Error in readTag(this) : Unknown data type. Not in range [1,19]: 18569
In addition: Warning message:
In readMat5Header(this, firstFourBytes = firstFourBytes) :
Unknown MAT version tag: 512. Will assume version 5.
How can this issue be solved or is there an alternative way to load matlab files? I can use hdf5load but have heard this can mess with the data. Thanks!
This is a bit late on the response, but I've recently been running into the same issues. For me, the issue was that I was saving matlab files by default using the '-v7.3' option. After extensive searching, the R.matlab source documentation (http://cran.r-project.org/web/packages/R.matlab/R.matlab.pdf) indicates the following:
Reading compressed MAT files
From MATLAB v7, compressed MAT version 5 files are used by default
[3,4]. This function supports reading such
files, if running R v2.10.0 or newer. For older versions of R, the
Rcompression package is used. To install that package, please see
instructions at http://www.omegahat.org/ cranRepository.html. As a
last resort, use save -V6 in MATLAB to write MAT files that are
compatible with MATLAB v6, that is, to write non-compressed MAT
version 5 files.
About MAT files saved in MATLAB using ’-v7.3’
This function does not
support MAT files saved in MATLAB as save('foo.mat',
'-v7.3'). Such MAT files are of a completely different file format
[5,6] compared to those saved with, say, '-v7'."

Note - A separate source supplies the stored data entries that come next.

lemma prec_e_matmul: assumes "unimodular a" shows "prec_e Nstd a (matmul g a)"
proof (cases a; cases g)
  fix a0 a1 a2 a3 g0 g1 g2 g3 assume ag: "a = M2 a0 a1 a2 a3" "g = M2 g0 g1 g2 g3"
  let ?d = "int a0 * int a3 - int a1 * int a2"
  have "?d = 1" using assms ag by (simp add: unimodular_int)
  moreover have
    "int ((g0 * a0 + g1 * a2) * a3) - int ((g0 * a1 + g1 * a3) * a2) = int g0 * ?d"
    "int ((g0 * a1 + g1 * a3) * a0) - int ((g0 * a0 + g1 * a2) * a1) = int g1 * ?d"
    "int ((g2 * a0 + g3 * a2) * a3) - int ((g2 * a1 + g3 * a3) * a2) = int g2 * ?d"
    "int ((g2 * a1 + g3 * a3) * a0) - int ((g2 * a0 + g3 * a2) * a1) = int g3 * ?d"
    by (simp_all add: algebra_simps)
  ultimately show ?thesis
    by (simp only: prec_e_Nstd ag matmul_def m2.sel mult_1_right) (blast intro: le_of_int_diff)
qed

lemma prec_i_matmul: assumes "unimodular a" shows "prec_i Nstd a (matmul a g)"
proof (cases a; cases g)
  fix a0 a1 a2 a3 g0 g1 g2 g3 assume ag: "a = M2 a0 a1 a2 a3" "g = M2 g0 g1 g2 g3"
  let ?d = "int a0 * int a3 - int a1 * int a2"
  have "?d = 1" using assms ag by (simp add: unimodular_int)
  moreover have
    "int (a3 * (a0 * g0 + a1 * g2)) - int (a1 * (a2 * g0 + a3 * g2)) = int g0 * ?d"
    "int (a3 * (a0 * g1 + a1 * g3)) - int (a1 * (a2 * g1 + a3 * g3)) = int g1 * ?d"
    "int (a0 * (a2 * g0 + a3 * g2)) - int (a2 * (a0 * g0 + a1 * g2)) = int g2 * ?d"
    "int (a0 * (a2 * g1 + a3 * g3)) - int (a2 * (a0 * g1 + a1 * g3)) = int g3 * ?d"
    by (simp_all add: algebra_simps)
  ultimately show ?thesis
    by (simp only: prec_i_Nstd ag matmul_def m2.sel mult_1_right) (blast intro: le_of_int_diff)
qed

text \<open>Conversely, \<open>a \<preceq>\<^sub>e x\<close> in \<open>\<nat>\<close> means that \<open>x a\<^sup>-\<^sup>1\<close>, whose entries are the
  differences compared in \<open>prec_e\<close>, is a matrix over \<open>\<nat>\<close>.\<close>

lemma prec_e_Nstd_factor:
  assumes a: "unimodular a" and x: "unimodular x" and p: "prec_e Nstd a x"
  shows "\<exists>g. unimodular g \<and> matmul g a = x"
proof (cases a; cases x)
  fix a0 a1 a2 a3 x0 x1 x2 x3 assume ax: "a = M2 a0 a1 a2 a3" "x = M2 x0 x1 x2 x3"
  let ?da = "int a0 * int a3 - int a1 * int a2" and ?dx = "int x0 * int x3 - int x1 * int x2"
  have d: "?da = 1" "?dx = 1" using a x ax by (simp_all add: unimodular_int)
  have "x1 * a2 \<le> x0 * a3" "x0 * a1 \<le> x1 * a0" "x3 * a2 \<le> x2 * a3" "x2 * a1 \<le> x3 * a0"
    using p ax by (simp_all add: prec_e_Nstd)
  moreover define g0 g1 g2 g3
    where "g0 = x0 * a3 - x1 * a2" and "g1 = x1 * a0 - x0 * a1"
      and "g2 = x2 * a3 - x3 * a2" and "g3 = x3 * a0 - x2 * a1"
  ultimately have
    g: "int g0 = int x0 * int a3 - int x1 * int a2" "int g1 = int x1 * int a0 - int x0 * int a1"
       "int g2 = int x2 * int a3 - int x3 * int a2" "int g3 = int x3 * int a0 - int x2 * int a1"
    by (simp_all add: of_nat_diff)
  have "int g0 * int a0 + int g1 * int a2 = int x0 * ?da"
       "int g0 * int a1 + int g1 * int a3 = int x1 * ?da"
       "int g2 * int a0 + int g3 * int a2 = int x2 * ?da"
       "int g2 * int a1 + int g3 * int a3 = int x3 * ?da"
       "int g0 * int g3 - int g1 * int g2 = ?dx * ?da"
    unfolding g by (simp_all add: algebra_simps)
  then have "int (g0 * a0 + g1 * a2) = int x0" "int (g0 * a1 + g1 * a3) = int x1"
       "int (g2 * a0 + g3 * a2) = int x2" "int (g2 * a1 + g3 * a3) = int x3"
       "int (g0 * g3) = int (g1 * g2 + 1)"
    using d by simp_all
  then have "matmul (M2 g0 g1 g2 g3) a = x" "unimodular (M2 g0 g1 g2 g3)"
    unfolding of_nat_eq_iff by (simp_all add: ax matmul_def unimodular_def)
  then show ?thesis by blast
qed

lemma mle_matmul_right: "unimodular y \<Longrightarrow> mle Nstd x (matmul x y)"
  using unimodular_diag_pos[of y] mult_le_mono2[of 1 "e00 y"] mult_le_mono2[of 1 "e11 y"]
  by (simp add: mle_def Nstd_def matmul_def trans_le_add1 trans_le_add2)

definition block :: "nat \<Rightarrow> bool list" where
  "block k = True # replicate k False"

definition markov_code :: "nat list \<Rightarrow> nat m2" where
  "markov_code ws = word_mat (concat (map block ws))"

lemma markov_code_Nil [simp]: "markov_code [] = mat_I"
  by (simp add: markov_code_def)

lemma markov_code_append: "markov_code (xs @ ys) = matmul (markov_code xs) (markov_code ys)"
  by (simp add: markov_code_def word_mat_append)

lemma markov_code_single: "markov_code [k] = M2 1 k 1 (k + 1)"
proof -
  have "word_mat (replicate k False) = M2 1 k 0 1"
    by (induction k) (simp_all add: mat_I_def matmul_def mat_A_def)
  then show ?thesis by (simp add: markov_code_def block_def matmul_def mat_B_def)
qed

lemma unimodular_markov_code: "unimodular (markov_code ws)"
  by (simp add: markov_code_def unimodular_word_mat)

lemma ur_markov_code: "ur Nstd (markov_code ws)"
  unfolding markov_code_def ur_word_mat by (cases ws) (simp_all add: block_def)

lemma takeWhile_Not_blocks: "takeWhile Not (concat (map block ws)) = []"
  by (cases ws) (simp_all add: block_def)

lemma takeWhile_Not_replicate:
  "takeWhile Not (replicate k False @ zs) = replicate k False @ takeWhile Not zs"
  by (induction k) auto

lemma markov_code_inj: "markov_code xs = markov_code ys \<Longrightarrow> xs = ys"
  unfolding markov_code_def
proof (drule word_mat_inj, induction xs arbitrary: ys)
  case Nil then show ?case by (cases ys) (simp_all add: block_def)
next
  case (Cons x xs)
  then obtain y ys' where ys: "ys = y # ys'" by (cases ys) (simp_all add: block_def)
  with Cons.prems have "block x @ concat (map block xs) = block y @ concat (map block ys')"
    by simp
  then have eq: "replicate x False @ concat (map block xs) = replicate y False @ concat (map block ys')"
    unfolding block_def[of x] block_def[of y] by simp
  then have "takeWhile Not (replicate x False @ concat (map block xs))
      = takeWhile Not (replicate y False @ concat (map block ys'))" by simp
  then have "x = y" by (simp add: takeWhile_Not_replicate takeWhile_Not_blocks)
  with eq ys Cons.IH show ?case by simp
qed

lemma markov_code_eq_I_iff: "markov_code ws = mat_I \<longleftrightarrow> ws = []"
  using markov_code_inj[of ws "[]"] by auto

lemma blocks_prefix:
  assumes "u @ v = concat (map block ws)" "v = [] \<or> hd v"
  shows "\<exists>i \<le> length ws. u = concat (map block (take i ws))"
  using assms
proof (induction ws arbitrary: u)
  case (Cons k ws)
  show ?case
  proof (cases "u = []")
    case False
    from Cons.prems(1) obtain us where
      "u = block k @ us \<and> us @ v = concat (map block ws) \<or> u @ us = block k \<and> v = us @ concat (map block ws)"
      by (auto simp: append_eq_append_conv2)
    then show ?thesis
    proof (elim disjE conjE)
      assume "u = block k @ us" "us @ v = concat (map block ws)"
      with Cons.IH Cons.prems(2) show ?thesis
        by (metis Suc_le_mono concat.simps(2) length_Cons list.map(2) take_Suc_Cons)
    next
      assume u: "u @ us = block k" and v: "v = us @ concat (map block ws)"
      have "us = []"
      proof (rule ccontr)
        assume "us \<noteq> []"
        obtain u' where "u' @ us = replicate k False"
          using u False by (cases u) (auto simp: block_def)
        moreover have "hd us \<in> set (u' @ us)" using \<open>us \<noteq> []\<close> by simp
        ultimately have "\<not> hd us" by (metis in_set_replicate)
        with v Cons.prems(2) \<open>us \<noteq> []\<close> show False by simp
      qed
      with u show ?thesis by (intro exI[of _ 1]) simp
    qed
  qed (auto intro: exI[of _ 0])
qed simp

lemma block_suffix_eq: "xs @ block k = ys @ block l \<Longrightarrow> k = l"
proof -
  assume "xs @ block k = ys @ block l"
  then have "takeWhile Not (rev (xs @ block k)) = takeWhile Not (rev (ys @ block l))" by simp
  then show "k = l" by (simp add: block_def takeWhile_Not_replicate)
qed

text \<open>Since \<open>g\<close> is either the identity or its word starts with \<open>B\<close>, the factorisation \<open>a g\<close>
  cuts the word of the code at a block boundary.\<close>

lemma occurrence_Nstd:
  assumes g: "unimodular g" "ur Nstd g" "matmul a g = markov_code ws"
    and h: "unimodular h" "matmul h (markov_code [l]) = a"
  shows "\<exists>i < length ws. l = ws ! i \<and> a = markov_code (take (Suc i) ws)"
proof -
  obtain wg wh where wg: "word_mat wg = g" and wh: "word_mat wh = h"
    using word_mat_surj g(1) h(1) by metis
  have "word_mat ((wh @ block l) @ wg) = word_mat (concat (map block ws))"
    using g(3) h(2) wg wh by (simp add: word_mat_append markov_code_def flip: matmul_assoc)
  then have "(wh @ block l) @ wg = concat (map block ws)" by (rule word_mat_inj)
  moreover have "wg = [] \<or> hd wg" using g(2) wg ur_word_mat by blast
  ultimately obtain i where i: "i \<le> length ws" "wh @ block l = concat (map block (take i ws))"
    using blocks_prefix by blast
  then obtain i' where i': "i = Suc i'" by (cases i) (auto simp: block_def)
  with i have "wh @ block l = concat (map block (take i' ws)) @ block (ws ! i')"
    by (simp add: take_Suc_conv_app_nth)
  then have "l = ws ! i'" by (rule block_suffix_eq)
  moreover have "a = markov_code (take i ws)"
    using h(2) wh arg_cong[OF i(2), of word_mat] by (simp add: markov_code_def word_mat_append)
  ultimately show ?thesis using i i' by (intro exI[of _ i']) auto
qed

adding the '-v7' option at the end of my save command fixed this issue.
i.e.: save('filename', 'variable', '-v7')
i had a very similar problem until i pointed the function to an actual .mat file that existed. before that i'd been specifying two files of the same name, but one was .mat and the other was .txt, so it may have been trying to open the other.
i realize this may not directly solve your issue (the only difference i saw in my error message was the absence of that first line "Trying ..." and the specific numbers thereafter as well as the presence of another couple similar warnings with odd numbers), but it might point to some simple filename problem as the issue.
i use the latest matlab on 64 bit vista and the latest R on 32 bit xp.

Saving in hdf5save creates an unreadable file

I'm trying to save an array as a HDF5 file using R, but having no luck.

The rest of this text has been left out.